Bromium also offers the ability to analyze attacks as they are happening and to visualize attacks that traditional security methods can't detect, such as when a piece of software is trying to do something unauthorized from within a Micro-VM, like overwriting a registry, kernel bits or the master boot record. "We can profile zero-day attacks [exploiting previously unknown holes] in real-time without false alarms," he said.

The isolation Bromium offers brings to mind the sandbox approach used by Google's Chrome and Adobe Reader, but Crosby says there is a big difference. The more lines of code a piece of software has, such as a browser, the more bugs it is likely to have, which can compromise the sandboxing capability, he said.

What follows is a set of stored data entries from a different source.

lemma C_OP_bound_if_never_deficient:
  assumes r: "r \<ge> 1" and "length X > 0"
    and never_deficient: "\<forall>k < nat \<lfloor>log 2 (real (length X))\<rfloor>. \<not> deficient r ((pair_round ^^ k) X)"
  shows "real (C_OP X) < real (length X) - 2/3 * real (minority X) + 72 * sqrt (r * real (length X))"
proof -
  define N where "N = length X"
  define K where "K = nat \<lfloor>log 2 (real N)\<rfloor>"
  define Y where "Y k = (pair_round ^^ k) X" for k
  define \<delta> :: "bool list \<Rightarrow> real" where "\<delta> Z = 30 * sqrt (r * real (length Z))" for Z
  have C_OP_le: "real (C_OP X) \<le> real N - real (\<Sum>k<K. mismatches (Y k))"
    using C_OP_eq_sum_pair_rounds[of X] sum_half_lengths_pair_rounds[where K = K and Y = X]
    unfolding Y_def K_def N_def by linarith
  have "length (Y K) \<le> 1"
    using length_pair_rounds_floor_log[OF \<open>length X > 0\<close>] unfolding Y_def K_def N_def .
  moreover have "\<forall>k<K. real (mismatches (Y k)) \<ge> real (minority (Y k)) / 2 - \<delta> (Y k)"
    using never_deficient unfolding deficient_def \<delta>_def Y_def K_def N_def by (auto simp: not_less)
  ultimately have mismatches_ge:
    "real (\<Sum>k<K. mismatches (Y k)) \<ge> 2/3 * real (minority X) - (\<Sum>k<K. (2 * \<delta> (Y k) + 1) / 3)"
    using sum_mismatches_pair_rounds[where K = K and Y = X and \<delta> = \<delta>] minority_short[of "Y K"]
    unfolding Y_def by simp
  have "(\<Sum>k<K. (2 * \<delta> (Y k) + 1) / 3) = 2/3 * (\<Sum>k<K. \<delta> (Y k)) + real K / 3"
    by (simp add: sum.distrib sum_divide_distrib[symmetric] sum_distrib_left)
  moreover have "(\<Sum>k<K. \<delta> (Y k)) \<le> 105 * sqrt (r * real N)"
  proof -
    have "(\<Sum>k<K. \<delta> (Y k)) = 30 * (\<Sum>k<K. sqrt (r * real (length ((pair_round ^^ k) X))))"
      unfolding \<delta>_def Y_def by (simp add: sum_distrib_left)
    then show ?thesis
      using sum_sqrt_length_pair_rounds[where K = K and Y = X and r = r] r unfolding N_def by simp
  qed
  moreover have "real K \<le> 4 * sqrt (r * real N)"
  proof -
    have "sqrt (real N) \<le> sqrt (r * real N)"
      using mult_right_mono[OF r, of "real N"] by (intro real_sqrt_le_mono) simp
    then show ?thesis
      using floor_log2_le_sqrt[of N, folded K_def] \<open>length X > 0\<close> unfolding N_def by linarith
  qed
  moreover have "sqrt (r * real N) > 0" using r \<open>length X > 0\<close> unfolding N_def by simp
  ultimately show ?thesis using C_OP_le mismatches_ge unfolding N_def by linarith
qed

section \<open>A pairing round of a uniformly random string\<close>

lemma finite_length_bool_lists: "finite {Y::bool list. length Y = n \<and> Q Y}"
  using finite_lists_length_eq[of "UNIV :: bool set" n] by (rule finite_subset[rotated]) auto

lemma card_length_0_bool_lists: "card {Y::bool list. length Y = 0 \<and> Q Y} = (if Q [] then 1 else 0)"
  by (cases "Q []") (auto simp: Collect_conv_if)

lemma card_Un_disjoint_images:
  assumes "finite A" "finite B" "inj f" "inj g" "\<And>x y. f x \<noteq> g y"
  shows "card (f ` A \<union> g ` B) = card A + card B"
proof -
  have "card (f ` A \<union> g ` B) = card (f ` A) + card (g ` B)"
    by (rule card_Un_disjoint) (use assms in auto)
  also have "\<dots> = card A + card B"
    using assms by (simp add: card_image inj_on_subset)
  finally show ?thesis .
qed

lemma card_length_Suc_bool_lists_Cons:
  "card {Y::bool list. length Y = Suc m \<and> Q Y}
   = card {Y. length Y = m \<and> Q (True # Y)} + card {Y. length Y = m \<and> Q (False # Y)}"
proof -
  have "{Y::bool list. length Y = Suc m \<and> Q Y}
      = Cons True ` {Y. length Y = m \<and> Q (True # Y)} \<union> Cons False ` {Y. length Y = m \<and> Q (False # Y)}"
    (is "?L = ?R")
  proof
    show "?L \<subseteq> ?R"
    proof
      fix Y assume "Y \<in> ?L"
      then obtain x Y' where "Y = x # Y'" "length Y' = m" "Q (x # Y')" by (auto simp: length_Suc_conv)
      then show "Y \<in> ?R" by (cases x) auto
    qed
  qed auto
  then show ?thesis
    by (simp add: card_Un_disjoint_images finite_length_bool_lists)
qed

lemma card_length_Suc_bool_lists_snoc:
  "card {Y::bool list. length Y = Suc m \<and> Q Y}
   = card {Y. length Y = m \<and> Q (Y @ [True])} + card {Y. length Y = m \<and> Q (Y @ [False])}"
proof -
  have "{Y::bool list. length Y = Suc m \<and> Q Y}
      = (\<lambda>Y. Y @ [True]) ` {Y. length Y = m \<and> Q (Y @ [True])}
        \<union> (\<lambda>Y. Y @ [False]) ` {Y. length Y = m \<and> Q (Y @ [False])}"
    (is "?L = ?R")
  proof
    show "?L \<subseteq> ?R"
    proof
      fix Y assume "Y \<in> ?L"
      then obtain x Y' where "Y = Y' @ [x]" "length Y' = m" "Q (Y' @ [x])"
        by (auto simp: length_Suc_conv_rev)
      then show "Y \<in> ?R" by (cases x) auto
    qed
  qed auto
  then show ?thesis
    by (simp add: card_Un_disjoint_images finite_length_bool_lists inj_def)
qed

definition pair_round_preimages :: "nat \<Rightarrow> nat \<Rightarrow> bool list \<Rightarrow> bool list set" where
  "pair_round_preimages n a Z = {Y. length Y = n \<and> count_list Y True = a \<and> pair_round Y = Z}"

text \<open>A preimage of \<open>Z\<close> with \<open>p\<close> pairs and \<open>e\<close> unpaired trailing bits is fixed by choosing
  which \<open>length Z\<close> pairs are equal (their values are then read off \<open>Z\<close>), orienting the other
  \<open>p - length Z\<close> pairs, each of which carries a single one, and the unpaired bit.\<close>
definition preimage_count :: "nat \<Rightarrow> nat \<Rightarrow> nat \<Rightarrow> nat \<Rightarrow> nat \<Rightarrow> nat" where
  "preimage_count p e a l q = (if l \<le> p \<and> 2 * q + p \<le> a + l \<and> a + l \<le> 2 * q + p + e
     then (p choose l) * 2 ^ (p - l) else 0)"

lemma card_pair_round_preimages_Suc_Suc:
  "card (pair_round_preimages (Suc (Suc m)) a Z)
   = (if 2 \<le> a \<and> Z \<noteq> [] \<and> hd Z then card (pair_round_preimages m (a - 2) (tl Z)) else 0)
     + 2 * (if 1 \<le> a then card (pair_round_preimages m (a - 1) Z) else 0)
     + (if Z \<noteq> [] \<and> \<not> hd Z then card (pair_round_preimages m a (tl Z)) else 0)"
proof -
  have "card (pair_round_preimages (Suc (Suc m)) a Z)
     = card {Y. length Y = m \<and> Suc (Suc (count_list Y True)) = a \<and> True # pair_round Y = Z}
       + 2 * card {Y. length Y = m \<and> Suc (count_list Y True) = a \<and> pair_round Y = Z}
       + card {Y. length Y = m \<and> count_list Y True = a \<and> False # pair_round Y = Z}"
    unfolding pair_round_preimages_def by (simp add: card_length_Suc_bool_lists_Cons)
  moreover have "card {Y. length Y = m \<and> Suc (Suc (count_list Y True)) = a \<and> True # pair_round Y = Z}
      = (if 2 \<le> a \<and> Z \<noteq> [] \<and> hd Z then card (pair_round_preimages m (a - 2) (tl Z)) else 0)"
    unfolding pair_round_preimages_def
    by (cases Z; cases a; cases "a - 1") (auto simp: Suc_diff_Suc numeral_2_eq_2)
  moreover have "card {Y. length Y = m \<and> Suc (count_list Y True) = a \<and> pair_round Y = Z}
      = (if 1 \<le> a then card (pair_round_preimages m (a - 1) Z) else 0)"
    unfolding pair_round_preimages_def by (cases a) auto
  moreover have "card {Y. length Y = m \<and> count_list Y True = a \<and> False # pair_round Y = Z}
      = (if Z \<noteq> [] \<and> \<not> hd Z then card (pair_round_preimages m a (tl Z)) else 0)"
    unfolding pair_round_preimages_def by (cases Z) auto
  ultimately show ?thesis by simp
qed

lemma weighted_pascal:
  "(Suc p choose Suc l) * 2 ^ (p - l)
   = (p choose l) * 2 ^ (p - l) + (if l < p then 2 * ((p choose Suc l) * 2 ^ (p - Suc l)) else 0)"
proof (cases "l < p")
  case True
  then have "(2::nat) ^ (p - l) = 2 * 2 ^ (p - Suc l)" by (metis Suc_diff_Suc power_Suc)
  then show ?thesis using True by (simp add: algebra_simps)
qed simp

lemma preimage_count_Suc_Nil:
  "preimage_count (Suc p) e a 0 0 = (if a \<ge> 1 then 2 * preimage_count p e (a - 1) 0 0 else 0)"
  unfolding preimage_count_def by auto

lemma preimage_count_Suc_True:
  "preimage_count (Suc p) e a (Suc l) (Suc q)
   = (if a \<ge> 2 then preimage_count p e (a - 2) l q else 0)
     + (if a \<ge> 1 then 2 * preimage_count p e (a - 1) (Suc l) (Suc q) else 0)"
  unfolding preimage_count_def by (auto simp: weighted_pascal simp del: binomial_Suc_Suc)

lemma preimage_count_Suc_False:
  "preimage_count (Suc p) e a (Suc l) q
   = preimage_count p e a l q + (if a \<ge> 1 then 2 * preimage_count p e (a - 1) (Suc l) q else 0)"
  unfolding preimage_count_def by (auto simp: weighted_pascal simp del: binomial_Suc_Suc)

lemma card_pair_round_preimages:
  "card (pair_round_preimages n a Z) = preimage_count (n div 2) (n mod 2) a (length Z) (count_list Z True)"
proof (induction n arbitrary: a Z rule: induct_nat_012)
  case 0
  show ?case
    unfolding pair_round_preimages_def card_length_0_bool_lists by (cases Z) (auto simp: preimage_count_def)
next
  case 1
  show ?case
    unfolding pair_round_preimages_def card_length_Suc_bool_lists_Cons card_length_0_bool_lists
    by (cases Z) (auto simp: preimage_count_def)
next
  case (ge2 m)
  have div_mod: "Suc (Suc m) div 2 = Suc (m div 2)" "Suc (Suc m) mod 2 = m mod 2" by auto
  show ?case
  proof (cases Z)
    case Nil
    then show ?thesis
      unfolding card_pair_round_preimages_Suc_Suc div_mod ge2.IH(1) by (simp add: preimage_count_Suc_Nil)
  next
    case (Cons z Z')
    show ?thesis
    proof (cases z)
      case True
      then show ?thesis
        unfolding Cons card_pair_round_preimages_Suc_Suc div_mod ge2.IH(1) by (simp add: preimage_count_Suc_True)
    next
      case False
      then show ?thesis
        unfolding Cons card_pair_round_preimages_Suc_Suc div_mod ge2.IH(1) by (simp add: preimage_count_Suc_False)
    qed
  qed
qed

lemma finite_length_le_bool_lists: "finite {Z::bool list. length Z \<le> n \<and> Q Z}"
  using finite_lists_length_le[of "UNIV :: bool set" n] by (rule finite_subset[rotated]) auto

lemma finite_strings_with_ones: "finite {Y \<in> strings_with_ones n a. Q Y}"
  unfolding strings_with_ones_def using finite_length_bool_lists[of n "\<lambda>Y. count_list Y True = a \<and> Q Y"]
  by (simp add: conj_assoc)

"We've built a system of general purpose applicability. Anything can run in a Micro-VM," he said. "For an attacker to break our system they have to break the Intel Virtualization Technology. If the attacker tries to send a packet, to talk to the DNS (Domain Name System), talk to any device, the hardware will stop the execution of that task and check with the Microvisor to see if that is a legit task. There is no way for the attacker to get out of the Microvisor containment without being stopped by the hardware."

Several security experts were intrigued by Bromium's strategy.

"The idea of encapsulation is an important one in computer security. Defending a perimeter is always easier when a distinct perimeter can be identified," said Gary McGraw, chief technology officer of Cigital. "The trick is making sure any virtual boundary is water tight. As we've seen over and over again with Java, Chrome and other solutions relying on the sandbox idea, the solution is only as secure as its weakest link."

A Microsoft project, dubbed "Drawbridge," features a "picoprocess, which is a process-based isolation container with a minimal kernel API surface." Within the picoprocess runs a lightened version of Windows, dubbed "library OS," according to the Microsoft literature on the research that describes it as a prototype.

"Bromium, unlike Microsoft and VMWare, the way they do their virtualization of apps is specifically for security and fills in the gaps based on being a very different architecture," said Marc Maiffret, chief technology officer of BeyondTrust. "As a business, they have some room to grow, as long as Microsoft doesn't come out with their own thing. Bromium could be an attractive acquisition for VMWare or even Intel McAfee."